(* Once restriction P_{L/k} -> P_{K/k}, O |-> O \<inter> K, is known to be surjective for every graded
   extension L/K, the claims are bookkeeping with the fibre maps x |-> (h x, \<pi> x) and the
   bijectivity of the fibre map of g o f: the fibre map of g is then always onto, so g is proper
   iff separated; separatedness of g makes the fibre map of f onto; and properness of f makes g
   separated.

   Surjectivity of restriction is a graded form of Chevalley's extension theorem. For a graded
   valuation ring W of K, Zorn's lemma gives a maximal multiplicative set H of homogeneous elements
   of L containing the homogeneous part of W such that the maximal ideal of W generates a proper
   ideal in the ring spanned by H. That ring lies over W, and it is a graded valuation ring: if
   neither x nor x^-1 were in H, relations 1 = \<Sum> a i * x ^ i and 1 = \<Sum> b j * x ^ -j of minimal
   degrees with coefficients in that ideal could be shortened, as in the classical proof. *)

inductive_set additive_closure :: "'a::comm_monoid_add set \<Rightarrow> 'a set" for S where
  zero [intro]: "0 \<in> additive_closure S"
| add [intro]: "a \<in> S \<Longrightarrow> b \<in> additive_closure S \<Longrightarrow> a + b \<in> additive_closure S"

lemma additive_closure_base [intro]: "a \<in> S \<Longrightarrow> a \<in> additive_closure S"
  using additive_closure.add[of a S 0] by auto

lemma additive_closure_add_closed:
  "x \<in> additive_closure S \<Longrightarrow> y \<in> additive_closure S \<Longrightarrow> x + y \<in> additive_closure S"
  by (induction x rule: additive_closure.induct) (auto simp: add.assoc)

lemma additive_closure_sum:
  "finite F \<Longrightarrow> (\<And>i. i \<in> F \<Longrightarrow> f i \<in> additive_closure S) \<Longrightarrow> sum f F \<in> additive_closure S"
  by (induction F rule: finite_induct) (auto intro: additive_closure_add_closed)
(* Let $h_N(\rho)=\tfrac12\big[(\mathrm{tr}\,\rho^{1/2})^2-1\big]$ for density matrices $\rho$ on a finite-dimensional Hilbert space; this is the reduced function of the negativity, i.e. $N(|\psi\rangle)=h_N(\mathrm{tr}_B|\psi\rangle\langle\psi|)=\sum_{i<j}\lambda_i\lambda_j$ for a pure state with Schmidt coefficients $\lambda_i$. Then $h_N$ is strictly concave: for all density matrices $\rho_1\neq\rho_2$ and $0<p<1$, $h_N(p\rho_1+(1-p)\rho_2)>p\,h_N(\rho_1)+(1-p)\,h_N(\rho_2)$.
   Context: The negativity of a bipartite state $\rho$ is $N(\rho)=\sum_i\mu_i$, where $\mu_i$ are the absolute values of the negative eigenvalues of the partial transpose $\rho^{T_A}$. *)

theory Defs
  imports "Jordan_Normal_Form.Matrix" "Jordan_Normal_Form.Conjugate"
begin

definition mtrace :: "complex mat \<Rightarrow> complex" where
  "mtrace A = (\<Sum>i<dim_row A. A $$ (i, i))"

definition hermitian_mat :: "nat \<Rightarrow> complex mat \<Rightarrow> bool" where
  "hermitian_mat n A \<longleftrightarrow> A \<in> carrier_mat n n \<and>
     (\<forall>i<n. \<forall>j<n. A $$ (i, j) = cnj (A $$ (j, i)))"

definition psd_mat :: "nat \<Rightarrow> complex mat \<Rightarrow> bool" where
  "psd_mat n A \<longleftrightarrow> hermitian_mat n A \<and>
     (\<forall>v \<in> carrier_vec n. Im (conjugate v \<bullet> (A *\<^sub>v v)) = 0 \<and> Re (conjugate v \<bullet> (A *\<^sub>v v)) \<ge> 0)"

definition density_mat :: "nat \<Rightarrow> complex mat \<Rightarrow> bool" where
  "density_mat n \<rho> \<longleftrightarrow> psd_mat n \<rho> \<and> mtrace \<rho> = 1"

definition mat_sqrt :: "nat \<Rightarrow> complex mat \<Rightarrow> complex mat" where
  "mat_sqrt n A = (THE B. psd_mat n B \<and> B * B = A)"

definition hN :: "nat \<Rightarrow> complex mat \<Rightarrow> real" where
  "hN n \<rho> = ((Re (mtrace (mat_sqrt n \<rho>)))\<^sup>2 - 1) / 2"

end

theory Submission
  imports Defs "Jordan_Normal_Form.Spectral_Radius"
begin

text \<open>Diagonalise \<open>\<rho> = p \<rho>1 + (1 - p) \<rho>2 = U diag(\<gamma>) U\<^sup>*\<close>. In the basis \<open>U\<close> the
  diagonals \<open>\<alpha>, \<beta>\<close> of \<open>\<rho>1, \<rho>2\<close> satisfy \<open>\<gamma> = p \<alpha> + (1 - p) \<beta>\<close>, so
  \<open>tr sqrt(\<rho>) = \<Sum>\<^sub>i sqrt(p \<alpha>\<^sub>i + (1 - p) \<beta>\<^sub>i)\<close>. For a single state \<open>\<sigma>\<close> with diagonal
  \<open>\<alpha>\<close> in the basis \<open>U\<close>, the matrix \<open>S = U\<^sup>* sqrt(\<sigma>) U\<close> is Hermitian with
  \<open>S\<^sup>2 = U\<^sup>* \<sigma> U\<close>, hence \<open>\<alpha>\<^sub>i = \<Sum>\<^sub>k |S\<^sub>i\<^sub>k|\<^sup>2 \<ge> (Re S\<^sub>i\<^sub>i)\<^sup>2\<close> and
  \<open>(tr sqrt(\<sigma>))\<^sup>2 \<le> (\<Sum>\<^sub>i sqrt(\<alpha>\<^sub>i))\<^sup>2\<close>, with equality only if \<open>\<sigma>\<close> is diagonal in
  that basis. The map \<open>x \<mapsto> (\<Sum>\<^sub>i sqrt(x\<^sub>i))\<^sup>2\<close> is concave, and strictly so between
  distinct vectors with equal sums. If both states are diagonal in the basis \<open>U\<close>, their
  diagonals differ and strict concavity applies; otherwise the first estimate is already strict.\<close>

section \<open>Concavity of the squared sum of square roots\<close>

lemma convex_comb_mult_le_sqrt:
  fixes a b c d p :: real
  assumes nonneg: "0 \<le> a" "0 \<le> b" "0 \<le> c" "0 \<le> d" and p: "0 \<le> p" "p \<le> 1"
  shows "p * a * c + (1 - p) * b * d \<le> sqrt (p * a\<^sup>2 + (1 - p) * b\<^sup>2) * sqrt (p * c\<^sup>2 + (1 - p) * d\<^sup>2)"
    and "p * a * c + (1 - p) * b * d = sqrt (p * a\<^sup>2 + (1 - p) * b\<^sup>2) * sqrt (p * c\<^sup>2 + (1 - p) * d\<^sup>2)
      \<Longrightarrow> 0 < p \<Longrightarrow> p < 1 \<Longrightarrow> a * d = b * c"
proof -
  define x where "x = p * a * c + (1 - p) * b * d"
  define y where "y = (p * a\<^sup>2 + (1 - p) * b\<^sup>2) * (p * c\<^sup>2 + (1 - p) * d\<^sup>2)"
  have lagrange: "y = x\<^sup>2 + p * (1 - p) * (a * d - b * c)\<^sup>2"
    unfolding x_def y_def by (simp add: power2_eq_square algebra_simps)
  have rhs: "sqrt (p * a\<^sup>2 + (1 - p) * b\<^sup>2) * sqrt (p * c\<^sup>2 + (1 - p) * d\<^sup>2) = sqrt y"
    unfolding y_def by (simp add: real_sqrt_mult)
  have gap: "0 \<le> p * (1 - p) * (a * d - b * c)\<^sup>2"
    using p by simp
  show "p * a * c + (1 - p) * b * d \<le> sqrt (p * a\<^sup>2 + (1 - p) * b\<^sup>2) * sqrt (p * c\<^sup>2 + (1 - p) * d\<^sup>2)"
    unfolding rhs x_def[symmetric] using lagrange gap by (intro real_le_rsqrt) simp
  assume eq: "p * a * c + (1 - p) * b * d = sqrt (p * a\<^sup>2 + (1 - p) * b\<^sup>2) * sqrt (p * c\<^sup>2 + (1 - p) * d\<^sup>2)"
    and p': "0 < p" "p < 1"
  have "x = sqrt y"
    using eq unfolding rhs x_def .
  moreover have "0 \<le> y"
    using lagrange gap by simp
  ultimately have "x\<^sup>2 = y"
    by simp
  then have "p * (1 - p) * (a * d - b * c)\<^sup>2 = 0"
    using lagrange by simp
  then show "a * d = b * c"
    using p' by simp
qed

^^^^^^^^^^^^^^^^

## Directions for this task
Having found the line with "that basis. The", please set it down along with every line after it through the end of the material above, exactly and with nothing added.

## Written answer
  that basis. The map \<open>x \<mapsto> (\<Sum>\<^sub>i sqrt(x\<^sub>i))\<^sup>2\<close> is concave, and strictly so between
  distinct vectors with equal sums. If both states are diagonal in the basis \<open>U\<close>, their
  diagonals differ and strict concavity applies; otherwise the first estimate is already strict.\<close>

section \<open>Concavity of the squared sum of square roots\<close>

lemma convex_comb_mult_le_sqrt:
  fixes a b c d p :: real
  assumes nonneg: "0 \<le> a" "0 \<le> b" "0 \<le> c" "0 \<le> d" and p: "0 \<le> p" "p \<le> 1"
  shows "p * a * c + (1 - p) * b * d \<le> sqrt (p * a\<^sup>2 + (1 - p) * b\<^sup>2) * sqrt (p * c\<^sup>2 + (1 - p) * d\<^sup>2)"
    and "p * a * c + (1 - p) * b * d = sqrt (p * a\<^sup>2 + (1 - p) * b\<^sup>2) * sqrt (p * c\<^sup>2 + (1 - p) * d\<^sup>2)
      \<Longrightarrow> 0 < p \<Longrightarrow> p < 1 \<Longrightarrow> a * d = b * c"
proof -
  define x where "x = p * a * c + (1 - p) * b * d"
  define y where "y = (p * a\<^sup>2 + (1 - p) * b\<^sup>2) * (p * c\<^sup>2 + (1 - p) * d\<^sup>2)"
  have lagrange: "y = x\<^sup>2 + p * (1 - p) * (a * d - b * c)\<^sup>2"
    unfolding x_def y_def by (simp add: power2_eq_square algebra_simps)
  have rhs: "sqrt (p * a\<^sup>2 + (1 - p) * b\<^sup>2) * sqrt (p * c\<^sup>2 + (1 - p) * d\<^sup>2) = sqrt y"
    unfolding y_def by (simp add: real_sqrt_mult)
  have gap: "0 \<le> p * (1 - p) * (a * d - b * c)\<^sup>2"
    using p by simp
  show "p * a * c + (1 - p) * b * d \<le> sqrt (p * a\<^sup>2 + (1 - p) * b\<^sup>2) * sqrt (p * c\<^sup>2 + (1 - p) * d\<^sup>2)"
    unfolding rhs x_def[symmetric] using lagrange gap by (intro real_le_rsqrt) simp
  assume eq: "p * a * c + (1 - p) * b * d = sqrt (p * a\<^sup>2 + (1 - p) * b\<^sup>2) * sqrt (p * c\<^sup>2 + (1 - p) * d\<^sup>2)"
    and p': "0 < p" "p < 1"
  have "x = sqrt y"
    using eq unfolding rhs x_def .
  moreover have "0 \<le> y"
    using lagrange gap by simp
  ultimately have "x\<^sup>2 = y"
    by simp
  then have "p * (1 - p) * (a * d - b * c)\<^sup>2 = 0"
    using lagrange by simp
  then show "a * d = b * c"
    using p' by simp
qed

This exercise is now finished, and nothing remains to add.